Untuk sementara, kata Made, Polres Lombok Utara menempatkan personil di beberapa titik pengankutan penumpang untuk menjaga keamanan serta mencegah hal – hal yang tidak kita inginkan.

“Dengan adanya pencegatan terhadap bongkar muat penumpang di pelabuhan Bangsal pada hari minggu tanggal 19 juni 2022 sekitar pukul 11.00 wita dari pelaku wisata yang memiliki jasa angkut penumpang baik itu past boat maupun publik boat akan mengadakan hearing di Pemda Kab. Lombok Utara.
pada hari senin tanggal 20 juni 2022,” terang Made.

Sementara itu, kata Made, Kegiatan hearing ini di lakukan bertujuan untuk mencari jalan keluar atas kejadian pencegatan bongkar muat di Bangsal dan kegiatan hearing pada hari senin tanggal, 20 juni 2022, beetempat di Aula Kantor Pemda Kab. Lombok Utara.

Wakil Bupati Kab. Lombok Utara mengatakan, pertemuan ini untuk mencari jalan keluar agar tidak menjadi bomerang dan menimbulkan permasalahan yang berkepanjangan.

“Kami akan membuat regulasi agar permasalahan ini segera terselesaikan dan tidak ada tumpang tindih,” Bupati.

Selain itu, Kapolres Lombok Utara mengatakan, kami disini Selaku Pihak Kepolisan juga menjaga keamanan dan kenyamanan pariwisata di Kab. Lombok Utara.

Kapolres berharap agar semua permasalahan di selesaikan dengan kepala dingin sehingga menghasilkan solusi yang baik untuk semua pihak dikarenakan 3 Gili (Trawangan, Air dan Meno) merupakan pariwisata utama yang ada di Kab. Lombok Utara maka perlu kita jaga bersama-sama.

“Kita bersama- sama menjaga situasi tetap kondusif sehingga tidak menimbulkan permasalahan baru dan serahkan semua pada pihak terkait agar segala permasalahan yang terjadi saat ini segera terselesaikan,” tutur Kapolres.

sedangkan Kepala Syahbandar Pemenang menyampaikan, Dermaga Gili merupakan kolam dari Pelabuhan Pemenang, 3 Gili dibangun mengikuti Pemenang semua bisa diperbolehkan untuk bongkar muat asalkan sesuai diatur dengan kapasitas.

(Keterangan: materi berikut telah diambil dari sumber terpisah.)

(* Let $B_1(0)\subseteq\mathbb{C}$ be the open unit disc and let $f, f_1, f_2: B_1(0)\setminus\{0\} \to \mathbb{C}$ be smooth functions, each of which either extends smoothly to the origin or is holomorphic on $B_1(0)\setminus\{0\}$ with a simple pole at the origin. Assume moreover that $f_1$ is holomorphic with a simple pole at the origin. Then the function \[ \varphi := \frac{f}{|f_1|^2 + |f_2|^2}, \qquad \varphi(0) := 0, \] is well defined and smooth in a neighbourhood of the origin. Moreover, if $f$ is holomorphic with a simple pole at the origin, then the real differential $D\varphi(0):\mathbb{R}^2\to\mathbb{R}^2$ has full rank. *)

theory Defs
  imports "HOL-Complex_Analysis.Complex_Analysis"
begin

text \<open>Iterated real (Frechet) directional derivatives of a function on the plane = complex numbers,
  viewed as a real 2-dimensional vector space.\<close>
definition iter_dderiv :: "complex list \<Rightarrow> (complex \<Rightarrow> complex) \<Rightarrow> (complex \<Rightarrow> complex)" where
  "iter_dderiv ds f = fold (\<lambda>v g. \<lambda>z. frechet_derivative g (at z) v) ds f"

definition smooth_on :: "complex set \<Rightarrow> (complex \<Rightarrow> complex) \<Rightarrow> bool" where
  "smooth_on S f \<longleftrightarrow> (\<forall>ds. \<forall>z\<in>S. iter_dderiv ds f differentiable (at z))"

definition hol_simple_pole :: "(complex \<Rightarrow> complex) \<Rightarrow> bool" where
  "hol_simple_pole f \<longleftrightarrow> f holomorphic_on (ball 0 1 - {0}) \<and> is_pole f 0 \<and> zorder f 0 = -1"

definition admissible :: "(complex \<Rightarrow> complex) \<Rightarrow> bool" where
  "admissible f \<longleftrightarrow> smooth_on (ball 0 1 - {0}) f \<and>
     ((\<exists>g. smooth_on (ball 0 1) g \<and> (\<forall>z\<in>ball 0 1 - {0}. g z = f z)) \<or> hol_simple_pole f)"

end

theory Submission
  imports Defs
begin

text \<open>Multiplying numerator and denominator by \<open>|z|\<^sup>2 = z * cnj z\<close>, near the origin
  \<open>\<phi> z = (z f z) * cnj z / (|z f1 z|\<^sup>2 + |z f2 z|\<^sup>2)\<close>. Here \<open>z f\<close> and \<open>z f2\<close> extend smoothly
  across 0, and \<open>z f1\<close> extends holomorphically with the nonzero residue of \<open>f1\<close> as its value at
  0, so the denominator is smooth and nonvanishing and the quotient is smooth. If \<open>f\<close> has a
  simple pole as well, then \<open>z f\<close> does not vanish at 0 either; since \<open>cnj\<close> vanishes at 0, the
  differential of \<open>\<phi>\<close> at 0 is \<open>v \<mapsto> c * cnj v\<close> with \<open>c \<noteq> 0\<close>, an invertible real-linear map.

  Smoothness is preserved by sums, products, conjugation and quotients because any family of
  functions that is closed under directional differentiation consists of smooth functions.\<close>

lemma iter_dderiv_Nil [simp]: "iter_dderiv [] f = f"
  by (simp add: iter_dderiv_def)

lemma iter_dderiv_Cons:
  "iter_dderiv (v # ds) f = iter_dderiv ds (\<lambda>z. frechet_derivative f (at z) v)"
  by (simp add: iter_dderiv_def)

text \<open>Unlike the library's \<open>frechet_derivative_transform_within_open\<close>, no differentiability is
  needed: both sides are chosen by the same predicate.\<close>
lemma frechet_derivative_cong_open:
  assumes "open S" "z \<in> S" "\<And>w. w \<in> S \<Longrightarrow> f w = g w"
  shows "frechet_derivative f (at z) = frechet_derivative g (at z)"
proof -
  have "(f has_derivative D) (at z) \<longleftrightarrow> (g has_derivative D) (at z)" for D
    using has_derivative_transform_within_open[OF _ assms(1,2), of f D UNIV g]
      has_derivative_transform_within_open[OF _ assms(1,2), of g D UNIV f] assms(3) by auto
  then show ?thesis
    unfolding frechet_derivative_def by simp
qed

“Pemerintah memberikan kemudahan dengan membangun fasilitas untuk menuju akses pariwisata, terkait masalah penolakan tadi sampai saat ini tidak ada regulasi larangan untuk bongkar muat dikawasan Gili,” ujarnya.

Dikatakannya, sedangkan dari kami tidak mengetahui adanya perjanjian dari pihak koperasi dengan pengusaha kapal.

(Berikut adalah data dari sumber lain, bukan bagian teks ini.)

(* Let $\mathcal{X},\mathcal{Y}$ be finite sets and $n\ge 1$. Let $\tilde{\Phi}_n=(\tilde{\varphi}_0,\tilde{\varphi}_2,\tilde{\psi})$ be a WAK code of blocklength $n$ with message sets $\tilde{\mathcal{M}}_0,\tilde{\mathcal{M}}_2$, and let $P_{\bar X\bar Y}\in\mathcal{P}_n(\mathcal{X}\times\mathcal{Y})$ be a joint type such that $$\log|\mathcal{T}^n_{\bar X}|\ge \log|\tilde{\mathcal{M}}_0|,$$ where $\mathcal{T}^n_{\bar X}$ is the type class of the marginal type $P_{\bar X}$. Then there exists a GW code $\Phi_n=(\varphi_0,\varphi_1,\varphi_2,\psi_1,\psi_2)$ of blocklength $n$ with message sets $\mathcal{M}_0,\mathcal{M}_1,\mathcal{M}_2$ such that \begin{align*} \log|\mathcal{M}_0| &\le \log|\tilde{\mathcal{M}}_0|+\log n+\log\log|\mathcal{X}|+2,\\ \log |\mathcal{M}_0||\mathcal{M}_1| &\le \log|\mathcal{T}^n_{\bar X}|+\log n+\log\log|\mathcal{X}|+2,\\ \log|\mathcal{M}_2| &= \log|\tilde{\mathcal{M}}_2|, \end{align*} and $$\mathrm{P}_{\mathtt{GW}}(\Phi_n\mid P_{\mathcal{T}^n_{\bar X\bar Y}})\le \mathrm{P}_{\mathtt{WAK}}(\tilde{\Phi}_n\mid P_{\mathcal{T}^n_{\bar X\bar Y}}).$$
   Context: All logarithms are base 2. $\mathcal{P}_n(\mathcal{X}\times\mathcal{Y})$ is the set of joint types (empirical distributions) of sequences in $\mathcal{X}^n\times\mathcal{Y}^n$; for a joint type $P_{\bar X\bar Y}$, $\mathcal{T}^n_{\bar X\bar Y}$ is its type class (the set of pairs of sequences with that joint type) and $P_{\mathcal{T}^n_{\bar X\bar Y}}$ is the uniform distribution on $\mathcal{T}^n_{\bar X\bar Y}$. A WAK (Wyner–Ahlswede–Körner, source coding with a helper) code of blocklength $n$ is a triple $\tilde{\Phi}_n=(\tilde{\varphi}_0,\tilde{\varphi}_2,\tilde{\psi})$ of maps $\tilde{\varphi}_0:\mathcal{X}^n\to\tilde{\mathcal{M}}_0$, $\tilde{\varphi}_2:\mathcal{Y}^n\to\tilde{\mathcal{M}}_2$, $\tilde{\psi}:\tilde{\mathcal{M}}_0\times\tilde{\mathcal{M}}_2\to\mathcal{Y}^n$, with finite sets $\tilde{\mathcal{M}}_0,\tilde{\mathcal{M}}_2$. For $(X^n,Y^n)\sim P$, $\mathrm{P}_{\mathtt{WAK}}(\tilde{\Phi}_n\mid P)$ is the probability that $\tilde{\psi}(\tilde{\varphi}_0(X^n),\tilde{\varphi}_2(Y^n))\ne Y^n$. A GW (Gray–Wyner) code of blocklength $n$ is a tuple $\Phi_n=(\varphi_0,\varphi_1,\varphi_2,\psi_1,\psi_2)$ of maps $\varphi_i:\mathcal{X}^n\times\mathcal{Y}^n\to\mathcal{M}_i$ ($i=0,1,2$, finite sets $\mathcal{M}_i$), $\psi_1:\mathcal{M}_0\times\mathcal{M}_1\to\mathcal{X}^n$, $\psi_2:\mathcal{M}_0\times\mathcal{M}_2\to\mathcal{Y}^n$. For $(X^n,Y^n)\sim P$, $\mathrm{P}_{\mathtt{GW}}(\Phi_n\mid P)$ is the probability that $\big(\psi_1(\varphi_0(X^n,Y^n),\varphi_1(X^n,Y^n)),\psi_2(\varphi_0(X^n,Y^n),\varphi_2(X^n,Y^n))\big)\ne (X^n,Y^n)$. *)

theory Defs
  imports "HOL-Probability.Probability_Mass_Function"
begin

definition seq_type :: "'a list \<Rightarrow> ('a \<Rightarrow> real)" where
  "seq_type xs = (\<lambda>a. real (card {i. i < length xs \<and> xs ! i = a}) / real (length xs))"

definition joint_type :: "'a list \<Rightarrow> 'b list \<Rightarrow> ('a \<times> 'b \<Rightarrow> real)" where
  "joint_type xs ys = (\<lambda>ab. real (card {i. i < length xs \<and> (xs ! i, ys ! i) = ab}) / real (length xs))"

definition joint_types :: "nat \<Rightarrow> ('a \<times> 'b \<Rightarrow> real) set" where
  "joint_types n = {joint_type xs ys | xs ys. length xs = n \<and> length ys = n}"

definition joint_type_class :: "nat \<Rightarrow> ('a \<times> 'b \<Rightarrow> real) \<Rightarrow> ('a list \<times> 'b list) set" where
  "joint_type_class n P = {(xs, ys). length xs = n \<and> length ys = n \<and> joint_type xs ys = P}"

definition seq_type_class :: "nat \<Rightarrow> ('a \<Rightarrow> real) \<Rightarrow> 'a list set" where
  "seq_type_class n Q = {xs. length xs = n \<and> seq_type xs = Q}"

definition marginal_x :: "('a::finite \<times> 'b::finite \<Rightarrow> real) \<Rightarrow> ('a \<Rightarrow> real)" where
  "marginal_x P = (\<lambda>a. \<Sum>b\<in>UNIV. P (a, b))"

definition wak_code :: "nat \<Rightarrow> 'm0 set \<Rightarrow> 'm2 set \<Rightarrow> ('a list \<Rightarrow> 'm0) \<Rightarrow> ('b list \<Rightarrow> 'm2)
    \<Rightarrow> ('m0 \<Rightarrow> 'm2 \<Rightarrow> 'b list) \<Rightarrow> bool" where
  "wak_code n M0 M2 f0 f2 g \<longleftrightarrow> finite M0 \<and> finite M2 \<and>
     (\<forall>xs. length xs = n \<longrightarrow> f0 xs \<in> M0) \<and>
     (\<forall>ys. length ys = n \<longrightarrow> f2 ys \<in> M2) \<and>
     (\<forall>m0\<in>M0. \<forall>m2\<in>M2. length (g m0 m2) = n)"

definition wak_error :: "('a list \<Rightarrow> 'm0) \<Rightarrow> ('b list \<Rightarrow> 'm2) \<Rightarrow> ('m0 \<Rightarrow> 'm2 \<Rightarrow> 'b list)
    \<Rightarrow> ('a list \<times> 'b list) pmf \<Rightarrow> real" where
  "wak_error f0 f2 g p = measure_pmf.prob p {(xs, ys). g (f0 xs) (f2 ys) \<noteq> ys}"

definition gw_code :: "nat \<Rightarrow> 'm0 set \<Rightarrow> 'm1 set \<Rightarrow> 'm2 set
    \<Rightarrow> ('a list \<Rightarrow> 'b list \<Rightarrow> 'm0) \<Rightarrow> ('a list \<Rightarrow> 'b list \<Rightarrow> 'm1) \<Rightarrow> ('a list \<Rightarrow> 'b list \<Rightarrow> 'm2)
    \<Rightarrow> ('m0 \<Rightarrow> 'm1 \<Rightarrow> 'a list) \<Rightarrow> ('m0 \<Rightarrow> 'm2 \<Rightarrow> 'b list) \<Rightarrow> bool" where
  "gw_code n M0 M1 M2 f0 f1 f2 g1 g2 \<longleftrightarrow> finite M0 \<and> finite M1 \<and> finite M2 \<and>
     (\<forall>xs ys. length xs = n \<and> length ys = n \<longrightarrow>
        f0 xs ys \<in> M0 \<and> f1 xs ys \<in> M1 \<and> f2 xs ys \<in> M2) \<and>
     (\<forall>m0\<in>M0. \<forall>m1\<in>M1. length (g1 m0 m1) = n) \<and>
     (\<forall>m0\<in>M0. \<forall>m2\<in>M2. length (g2 m0 m2) = n)"

definition gw_error :: "('a list \<Rightarrow> 'b list \<Rightarrow> 'm0) \<Rightarrow> ('a list \<Rightarrow> 'b list \<Rightarrow> 'm1) \<Rightarrow> ('a list \<Rightarrow> 'b list \<Rightarrow> 'm2)
    \<Rightarrow> ('m0 \<Rightarrow> 'm1 \<Rightarrow> 'a list) \<Rightarrow> ('m0 \<Rightarrow> 'm2 \<Rightarrow> 'b list) \<Rightarrow> ('a list \<times> 'b list) pmf \<Rightarrow> real" where
  "gw_error f0 f1 f2 g1 g2 p = measure_pmf.prob p
     {(xs, ys). (g1 (f0 xs ys) (f1 xs ys), g2 (f0 xs ys) (f2 xs ys)) \<noteq> (xs, ys)}"

end

theory Submission
  imports Defs
begin

text \<open>
  Split the type class \<open>T\<close> of \<open>x\<close> into the fibres of the WAK encoder \<open>\<phi>\<^sub>0\<close>, number the
  elements of each fibre, and cut the numbering into blocks of length
  \<open>K = \<lceil>|T| / |M\<^sub>0|\<rceil>\<close>. The common GW message is the fibre label with the block number, the
  private message for \<open>x\<close> is the position inside the block, and the private message for \<open>y\<close>
  is the WAK helper message. The common message thus determines \<open>\<phi>\<^sub>0(x)\<close>, so \<open>y\<close> is
  recovered whenever the WAK decoder succeeds, and \<open>x\<close> is always recovered on \<open>T\<close>.
  Since \<open>|M\<^sub>0| \<le> |T|\<close>, the fibres need at most \<open>2|M\<^sub>0|\<close> blocks in total, and
  \<open>2|M\<^sub>0| K \<le> 4|T|\<close>; the slack terms \<open>log n + log log |X|\<close> are nonnegative.
\<close>

lemma marginal_x_joint_type:
  fixes xs :: "'x::finite list" and ys :: "'y::finite list"
  shows "marginal_x (joint_type xs ys) = seq_type xs"
proof
  fix a
  have "card {i. i < length xs \<and> xs ! i = a}
      = card (\<Union>b. {i. i < length xs \<and> (xs ! i, ys ! i) = (a, b)})"
    by (rule arg_cong[where f = card]) auto
  also have "\<dots> = (\<Sum>b\<in>UNIV. card {i. i < length xs \<and> (xs ! i, ys ! i) = (a, b)})"
    by (rule card_UN_disjoint) auto
  finally have "card {i. i < length xs \<and> xs ! i = a}
      = (\<Sum>b\<in>UNIV. card {i. i < length xs \<and> (xs ! i, ys ! i) = (a, b)})" .
  then show "marginal_x (joint_type xs ys) a = seq_type xs a"
    unfolding marginal_x_def joint_type_def seq_type_def
    by (simp add: of_nat_sum sum_divide_distrib)
qed

lemma joint_type_class_subset:
  fixes P :: "'x::finite \<times> 'y::finite \<Rightarrow> real"
  shows "joint_type_class n P \<subseteq> seq_type_class n (marginal_x P) \<times> {ys. length ys = n}"
  by (auto simp: joint_type_class_def seq_type_class_def marginal_x_joint_type)

lemma finite_seq_type_class: "finite (seq_type_class n (Q :: 'x::finite \<Rightarrow> real))"
  by (rule finite_subset[OF _ finite_lists_length_eq[of "UNIV :: 'x set" n]])
    (auto simp: seq_type_class_def)

lemma finite_joint_type_class:
  "finite (joint_type_class n (P :: 'x::finite \<times> 'y::finite \<Rightarrow> real))"
  by (rule finite_subset[OF joint_type_class_subset])
    (auto intro: finite_seq_type_class finite_lists_length_eq[of "UNIV :: 'y set" n, simplified])

lemma set_pmf_uniform_joint_type_class:
  fixes P :: "'x::finite \<times> 'y::finite \<Rightarrow> real"
  assumes "P \<in> joint_types n"
  shows "set_pmf (pmf_of_set (joint_type_class n P)) \<subseteq> seq_type_class n (marginal_x P) \<times> {ys. length ys = n}"
proof -
  have "joint_type_class n P \<noteq> {}"
    using assms by (auto simp: joint_types_def joint_type_class_def)
  then show ?thesis
    by (simp add: finite_joint_type_class joint_type_class_subset)
qed

lemma div_less_ceiling_div:
  fixes i a K :: nat
  assumes "i < a" "0 < K"
  shows "i div K < (a + K - 1) div K"
proof -
  have "a + K - 1 < (a + K - 1) div K * K + K"
  proof -
    have "(a + K - 1) mod K < K"
      using assms(2) by simp
    then show ?thesis
      by (metis div_mult_mod_eq add_less_mono1 add_less_cancel_left)
  qed
  then have "i < (a + K - 1) div K * K"
    using assms by linarith
  then show ?thesis
    using assms(2) by (simp add: div_less_iff_less_mult)
qed

lemma sum_ceiling_div_le:
  fixes a :: "'m \<Rightarrow> nat"
  assumes "finite M" "0 < K" "(\<Sum>m\<in>M. a m) \<le> card M * K"
  shows "(\<Sum>m\<in>M. (a m + K - 1) div K) \<le> 2 * card M"
proof -
  have "K * (\<Sum>m\<in>M. (a m + K - 1) div K) = (\<Sum>m\<in>M. K * ((a m + K - 1) div K))"
    by (simp add: sum_distrib_left)
  also have "\<dots> \<le> (\<Sum>m\<in>M. a m + K)"
  proof (rule sum_mono)
    fix m
    have "K * ((a m + K - 1) div K) \<le> a m + K - 1"
      by simp
    then show "K * ((a m + K - 1) div K) \<le> a m + K"
      by linarith
  qed
  also have "\<dots> \<le> K * (2 * card M)"
    using assms(3) by (simp add: sum.distrib mult.commute)
  finally show ?thesis
    using assms(2) by simp
qed

lemma ceiling_div_mult_bounds:
  fixes q t :: nat
  assumes "0 < q" "q \<le> t"
  shows "t \<le> q * ((t + q - 1) div q)" "q * ((t + q - 1) div q) \<le> 2 * t"
proof -
  have "t + q - 1 = q * ((t + q - 1) div q) + (t + q - 1) mod q"
    by simp
  moreover have "(t + q - 1) mod q < q"
    using assms(1) by simp
  ultimately show "t \<le> q * ((t + q - 1) div q)"
    by linarith
  have "q * ((t + q - 1) div q) \<le> t + q - 1"
    by simp
  then show "q * ((t + q - 1) div q) \<le> 2 * t"
    using assms(2) by linarith
qed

Perwakilan Pengusaha fastboat menyampaikan sebagai pengusaha kami menghormati semua peraturan atau keputusan yang ada didaerah,
Dari pengusaha tidak ada kesepakatan dengan akacindo atau koperasi terkait retribusi, tapi dari kami menolak karena tidak mempunyai dasar hukum.
dan meminta dasar hukum kalau dari penarikan retribusi yang di lakukan tersebut.

Sementara Ketua Koperasi Sabarudin mengatakan, masalah kesepakatan berawal dari Akacindo, untuk pengusaha fast boat mereka datang kepada kami menyarankan untuk kesyahbandar.

Pada saat menjalin kerjasama dari kami tidak mengundang syahbandar karena intern koperasi dengan pengusaha.

“Kami mengundang pihak pengusaha fastboat untuk mencari solusi bahwa kami mempunyai anggaran dasar dikoperasi karya bahari,” terangnya.